Example: If you want to deploy an embedding model, use awq quantization, and deploy models with vllm, execute the following command to install dependencies:

```bash
poetry install -E embedding -E awq -E vllm
```

### Configure model.yaml and .env (Omitted)
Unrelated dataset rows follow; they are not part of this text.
(* Let $\rho$ be an $n$-qubit pure state, $S\subseteq[n]$ non-empty with $s=|S|$, and $K\ge2$. Let $U=\bigotimes_{i\in S}U_i$ with independent Haar-random $U_i\in U(2)$ (identity outside $S$), and conditioned on $U$ let $\mathbf{Z}_1,\dots,\mathbf{Z}_K\in\{0,1\}^s$ be independent outcomes with distribution $P_U(\mathbf{z})=\operatorname{tr}\big(U\rho U^\dagger(|\mathbf{z}\rangle\langle\mathbf{z}|\otimes\mathbb{I}_{[n]\setminus S})\big)$. Let $$\hat S^{(K)}=\frac{1}{K(K-1)}\sum_{\substack{k,k'=1\\k\ne k'}}^K\mathbb{1}[\mathbf{Z}_k=\mathbf{Z}_{k'}],$$ and set $P_2=\mathbb{E}_U\big[\sum_{\mathbf z}P_U(\mathbf z)^2\big]$, $P_3=\mathbb{E}_U\big[\sum_{\mathbf z}P_U(\mathbf z)^3\big]$, $P_{2,2}=\mathbb{E}_U\big[\big(\sum_{\mathbf z}P_U(\mathbf z)^2\big)^2\big]$. Then $$\operatorname{Var}[\hat S^{(K)}]=\frac{2P_2(1-P_2)+4(K-2)(P_3-P_2^2)}{K(K-1)}+\frac{(K-2)(K-3)(P_{2,2}-P_2^2)}{K(K-1)},$$ where the variance is over both the random unitary and the measurement outcomes.
   Context: $[n]=\{1,\dots,n\}$ labels the qubits; $\mathbb{1}[A]$ is $1$ if $A$ holds and $0$ otherwise. *)

theory Defs
  imports "HOL-Probability.Probability"
begin

type_synonym mat2 = "bool \<Rightarrow> bool \<Rightarrow> complex"

definition mmult2 :: "mat2 \<Rightarrow> mat2 \<Rightarrow> mat2" where
  "mmult2 A B = (\<lambda>a b. \<Sum>c\<in>UNIV. A a c * B c b)"

definition unitary2 :: "mat2 set" where
  "unitary2 = {U. \<forall>a b. (\<Sum>c\<in>UNIV. cnj (U c a) * U c b) = (if a = b then 1 else 0)}"

text \<open>mu is the (normalised) Haar measure on U(2): a left-invariant probability
  measure on the Borel sets of U(2). (By uniqueness of Haar measure, this determines mu.)\<close>
definition haar_U2 :: "mat2 measure \<Rightarrow> bool" where
  "haar_U2 \<mu> \<longleftrightarrow> prob_space \<mu> \<and> space \<mu> = unitary2 \<and>
     sets \<mu> = sets (restrict_space borel unitary2) \<and>
     (\<forall>W\<in>unitary2. distr \<mu> \<mu> (mmult2 W) = \<mu>)"

definition basis :: "nat \<Rightarrow> (nat \<Rightarrow> bool) set" where
  "basis n = {x. \<forall>i. i \<notin> {1..n} \<longrightarrow> \<not> x i}"

type_synonym qmat = "(nat \<Rightarrow> bool) \<Rightarrow> (nat \<Rightarrow> bool) \<Rightarrow> complex"

definition qmult :: "nat \<Rightarrow> qmat \<Rightarrow> qmat \<Rightarrow> qmat" where
  "qmult n A B = (\<lambda>x y. \<Sum>c\<in>basis n. A x c * B c y)"

definition qadj :: "qmat \<Rightarrow> qmat" where
  "qadj A = (\<lambda>x y. cnj (A y x))"

definition qtrace :: "nat \<Rightarrow> qmat \<Rightarrow> complex" where
  "qtrace n A = (\<Sum>x\<in>basis n. A x x)"

definition pure_state :: "nat \<Rightarrow> qmat \<Rightarrow> bool" where
  "pure_state n \<rho> \<longleftrightarrow> (\<exists>\<psi> :: (nat \<Rightarrow> bool) \<Rightarrow> complex.
      (\<Sum>x\<in>basis n. (cmod (\<psi> x))\<^sup>2) = 1 \<and>
      (\<forall>x\<in>basis n. \<forall>y\<in>basis n. \<rho> x y = \<psi> x * cnj (\<psi> y)))"

definition tensorU :: "nat \<Rightarrow> nat set \<Rightarrow> (nat \<Rightarrow> mat2) \<Rightarrow> qmat" where
  "tensorU n S Us = (\<lambda>x y. (\<Prod>i\<in>S. Us i (x i) (y i)) *
      (\<Prod>i\<in>{1..n} - S. if x i = y i then 1 else 0))"

definition outcomes :: "nat set \<Rightarrow> (nat \<Rightarrow> bool) set" where
  "outcomes S = {z. \<forall>i. i \<notin> S \<longrightarrow> \<not> z i}"

definition projz :: "nat set \<Rightarrow> (nat \<Rightarrow> bool) \<Rightarrow> qmat" where
  "projz S z = (\<lambda>x y. if x = y \<and> (\<forall>i\<in>S. x i = z i) then 1 else 0)"

definition PU :: "nat \<Rightarrow> nat set \<Rightarrow> qmat \<Rightarrow> (nat \<Rightarrow> mat2) \<Rightarrow> (nat \<Rightarrow> bool) \<Rightarrow> real" where
  "PU n S \<rho> Us z = Re (qtrace n (qmult n (qmult n (qmult n (tensorU n S Us) \<rho>)
       (qadj (tensorU n S Us))) (projz S z)))"

definition Ulaw :: "mat2 measure \<Rightarrow> nat set \<Rightarrow> (nat \<Rightarrow> mat2) measure" where
  "Ulaw \<mu> S = PiM S (\<lambda>_. \<mu>)"

definition outcome_law :: "nat \<Rightarrow> nat set \<Rightarrow> qmat \<Rightarrow> (nat \<Rightarrow> mat2) \<Rightarrow> (nat \<Rightarrow> bool) measure" where
  "outcome_law n S \<rho> Us = density (count_space (outcomes S)) (\<lambda>z. ennreal (PU n S \<rho> Us z))"

definition joint_law :: "mat2 measure \<Rightarrow> nat \<Rightarrow> nat set \<Rightarrow> qmat \<Rightarrow> nat \<Rightarrow>
    ((nat \<Rightarrow> mat2) \<times> (nat \<Rightarrow> nat \<Rightarrow> bool)) measure" where
  "joint_law \<mu> n S \<rho> K =
     Ulaw \<mu> S \<bind> (\<lambda>Us. distr (PiM {1..K} (\<lambda>_. outcome_law n S \<rho> Us))
        (Ulaw \<mu> S \<Otimes>\<^sub>M PiM {1..K} (\<lambda>_. count_space (outcomes S)))
        (\<lambda>Zs. (Us, Zs)))"

definition Shat :: "nat \<Rightarrow> (nat \<Rightarrow> nat \<Rightarrow> bool) \<Rightarrow> real" where
  "Shat K Zs = (1 / (real K * (real K - 1))) *
     (\<Sum>k\<in>{1..K}. \<Sum>k'\<in>{1..K} - {k}. if Zs k = Zs k' then 1 else 0)"

definition variance_of :: "'a measure \<Rightarrow> ('a \<Rightarrow> real) \<Rightarrow> real" where
  "variance_of M X = (\<integral>\<omega>. (X \<omega> - (\<integral>\<omega>'. X \<omega>' \<partial>M))\<^sup>2 \<partial>M)"

end

theory Submission
  imports Defs
begin

text \<open>Given \<open>U\<close>, the outcomes are i.i.d. with law \<open>P_U\<close>, and \<open>K (K - 1) Shat\<close> is a sum of collision
  indicators \<open>[Z_a = Z_b]\<close> over ordered pairs \<open>a \<noteq> b\<close>. The conditional mean of the product of two
  such indicators depends only on how many indices the pairs share: it is \<open>(\<Sum> P_U\<^sup>2)\<^sup>2\<close>,
  \<open>\<Sum> P_U\<^sup>3\<close> or \<open>\<Sum> P_U\<^sup>2\<close> for 0, 1 or 2 shared indices, and a fixed pair has
  \<open>(K - 2)(K - 3)\<close>, \<open>4 (K - 2)\<close> and 2 partners of each kind. This yields the conditional first and
  second moments of the estimator; averaging over \<open>U\<close> and subtracting \<open>P\<^sub>2\<^sup>2\<close> gives the
  formula. The only quantum input is that \<open>P_U\<close> is a probability distribution depending measurably
  on \<open>U\<close>.\<close>

definition iid_expectation :: "nat set \<Rightarrow> 'a set \<Rightarrow> ('a \<Rightarrow> real) \<Rightarrow> ((nat \<Rightarrow> 'a) \<Rightarrow> real) \<Rightarrow> real"
  where "iid_expectation I \<Omega> p F = (\<Sum>Zs\<in>PiE I (\<lambda>_. \<Omega>). (\<Prod>k\<in>I. p (Zs k)) * F Zs)"

lemma iid_expectation_prod:
  assumes "finite I" "finite \<Omega>"
  shows "iid_expectation I \<Omega> p (\<lambda>Zs. \<Prod>k\<in>I. g k (Zs k)) = (\<Prod>k\<in>I. \<Sum>y\<in>\<Omega>. p y * g k y)"
  using prod_sum_PiE[of I "\<lambda>_. \<Omega>" "\<lambda>k y. p y * g k y"] assms
  by (simp add: iid_expectation_def prod.distrib)

lemma iid_expectation_sum:
  "iid_expectation I \<Omega> p (\<lambda>Zs. \<Sum>j\<in>J. F j Zs) = (\<Sum>j\<in>J. iid_expectation I \<Omega> p (F j))"
  unfolding iid_expectation_def by (simp add: sum_distrib_left sum.swap[of _ J])

lemma iid_expectation_cmult:
  "iid_expectation I \<Omega> p (\<lambda>Zs. c * F Zs) = c * iid_expectation I \<Omega> p F"
  unfolding iid_expectation_def by (simp add: sum_distrib_left algebra_simps)

lemma iid_expectation_cong:
  "(\<And>Zs. Zs \<in> PiE I (\<lambda>_. \<Omega>) \<Longrightarrow> F Zs = G Zs) \<Longrightarrow> iid_expectation I \<Omega> p F = iid_expectation I \<Omega> p G"
  unfolding iid_expectation_def by (auto intro!: sum.cong)

lemma iid_expectation_const:
  assumes "finite I" "finite \<Omega>" "(\<Sum>y\<in>\<Omega>. p y) = 1"
  shows "iid_expectation I \<Omega> p (\<lambda>_. c) = c"
  using iid_expectation_prod[OF assms(1,2), of p "\<lambda>_ _. 1"] assms(3)
  by (simp add: iid_expectation_def sum_distrib_right[symmetric])

lemma iid_expectation_centered_square:
  assumes "finite I" "finite \<Omega>" "(\<Sum>y\<in>\<Omega>. p y) = 1"
  shows "iid_expectation I \<Omega> p (\<lambda>Zs. (F Zs - m)\<^sup>2) =
    iid_expectation I \<Omega> p (\<lambda>Zs. (F Zs)\<^sup>2) - 2 * m * iid_expectation I \<Omega> p F + m\<^sup>2"
proof -
  have "iid_expectation I \<Omega> p (\<lambda>Zs. (F Zs - m)\<^sup>2) =
    iid_expectation I \<Omega> p (\<lambda>Zs. (F Zs)\<^sup>2) - 2 * m * iid_expectation I \<Omega> p F
      + iid_expectation I \<Omega> p (\<lambda>_. m\<^sup>2)"
    unfolding iid_expectation_def
    by (simp add: power2_diff sum_subtractf sum.distrib sum_distrib_left algebra_simps)
  then show ?thesis using iid_expectation_const[OF assms] by simp
qed

text \<open>\<open>\<Prod>k\<in>I. pin_factor A z k (Zs k)\<close> is the indicator that all draws indexed by \<open>A\<close> equal \<open>z\<close>;
  summing it over \<open>z\<close> turns a collision indicator into sums of products of single-draw factors.\<close>

definition pin_factor :: "nat set \<Rightarrow> 'a \<Rightarrow> nat \<Rightarrow> 'a \<Rightarrow> real"
  where "pin_factor A z k y = (if k \<in> A then of_bool (y = z) else 1)"

lemma collision_indicator_eq_sum_pinned:
  assumes "finite I" "finite \<Omega>" "Zs \<in> PiE I (\<lambda>_. \<Omega>)" "a \<in> I" "b \<in> I" "a \<noteq> b"
  shows "of_bool (Zs a = Zs b) = (\<Sum>z\<in>\<Omega>. \<Prod>k\<in>I. pin_factor {a, b} z k (Zs k))"
proof -
  have "(\<Prod>k\<in>I. pin_factor {a, b} z k (Zs k)) = of_bool (Zs a = z) * of_bool (Zs b = z)" for z
  proof -
    have "(\<Prod>k\<in>I. pin_factor {a, b} z k (Zs k)) = (\<Prod>k\<in>I \<inter> {k. k \<in> {a, b}}. of_bool (Zs k = z))"
      unfolding pin_factor_def using assms(1) by (simp add: prod.If_cases)
    also have "I \<inter> {k. k \<in> {a, b}} = {a, b}" using assms by auto
    finally show ?thesis using assms(6) by simp
  qed
  then have "(\<Sum>z\<in>\<Omega>. \<Prod>k\<in>I. pin_factor {a, b} z k (Zs k)) =
      (\<Sum>z\<in>\<Omega>. if z = Zs a then of_bool (Zs b = Zs a) else 0)"
    by (intro sum.cong) auto
  also have "\<dots> = of_bool (Zs a = Zs b)"
    using assms PiE_mem[OF assms(3,4)] by (auto simp: sum.delta)
  finally show ?thesis by simp
qed

lemma sum_pin_factor_pair:
  assumes "finite \<Omega>" "z \<in> \<Omega>" "w \<in> \<Omega>" "(\<Sum>y\<in>\<Omega>. p y) = 1"
  shows "(\<Sum>y\<in>\<Omega>. p y * (pin_factor A z k y * pin_factor B w k y)) =
    (if k \<in> A then (if k \<in> B then (if z = w then p z else 0) else p z)
     else (if k \<in> B then p w else 1))"
proof -
  have "p y * (pin_factor A z k y * pin_factor B w k y) =
    (if k \<in> A then (if k \<in> B then (if y = z then (if z = w then p z else 0) else 0)
                     else (if y = z then p z else 0))
     else (if k \<in> B then (if y = w then p w else 0) else p y))" for y
    unfolding pin_factor_def by auto
  then show ?thesis using assms by (simp add: sum.delta)
qed

lemma prod_if_two_sets:
  fixes \<alpha> \<beta> \<gamma> :: real
  assumes "finite I" "A \<subseteq> I" "B \<subseteq> I"
  shows "(\<Prod>k\<in>I. if k \<in> A then (if k \<in> B then \<alpha> else \<beta>) else (if k \<in> B then \<gamma> else 1)) =
     \<alpha> ^ card (A \<inter> B) * \<beta> ^ card (A - B) * \<gamma> ^ card (B - A)"
proof -
  have "finite A" "finite B" using assms finite_subset by auto
  have "(\<Prod>k\<in>I. if k \<in> A then (if k \<in> B then \<alpha> else \<beta>) else (if k \<in> B then \<gamma> else 1)) =
     (\<Prod>k\<in>I \<inter> {k. k \<in> A}. if k \<in> B then \<alpha> else \<beta>) * (\<Prod>k\<in>I \<inter> - {k. k \<in> A}. if k \<in> B then \<gamma> else 1)"
    using assms(1) by (rule prod.If_cases)
  also have "I \<inter> {k. k \<in> A} = A" using assms by auto
  also have "(\<Prod>k\<in>A. if k \<in> B then \<alpha> else \<beta>) = \<alpha> ^ card (A \<inter> B) * \<beta> ^ card (A - B)"
    using \<open>finite A\<close> by (simp add: prod.If_cases Int_def set_diff_eq Collect_conj_eq[symmetric])
  also have "(\<Prod>k\<in>I \<inter> - {k. k \<in> A}. if k \<in> B then \<gamma> else 1) = (\<Prod>k\<in>I \<inter> - {k. k \<in> A} \<inter> {k. k \<in> B}. \<gamma>)"
    using assms(1) by (simp add: prod.If_cases)
  also have "I \<inter> - {k. k \<in> A} \<inter> {k. k \<in> B} = B - A" using assms by auto
  finally show ?thesis by simp
qed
Please refer to the template files for specific modifications

```bash
cp config/models.yaml.template models.yaml
cp config/.env.template .env
```

### Start API

```bash
python main.py --config_path models.yaml
```

### Model Quantization

#### awq

```bash
bash scripts/autoawq.sh
```

#### gptq

```bash
bash scripts/autogptq.sh
```

## Docker Deployment

Not available yet

## Project Outlook

### Goals

1. Architecture division: Expand from single-machine version to kubernetes-based distributed version
2. Enrich backends: Support more model backends, such as Triton, ONNX, etc.

### Author Status

Due to busy work, project progress may be slow, updates will be occasional. PRs and Issues are welcome.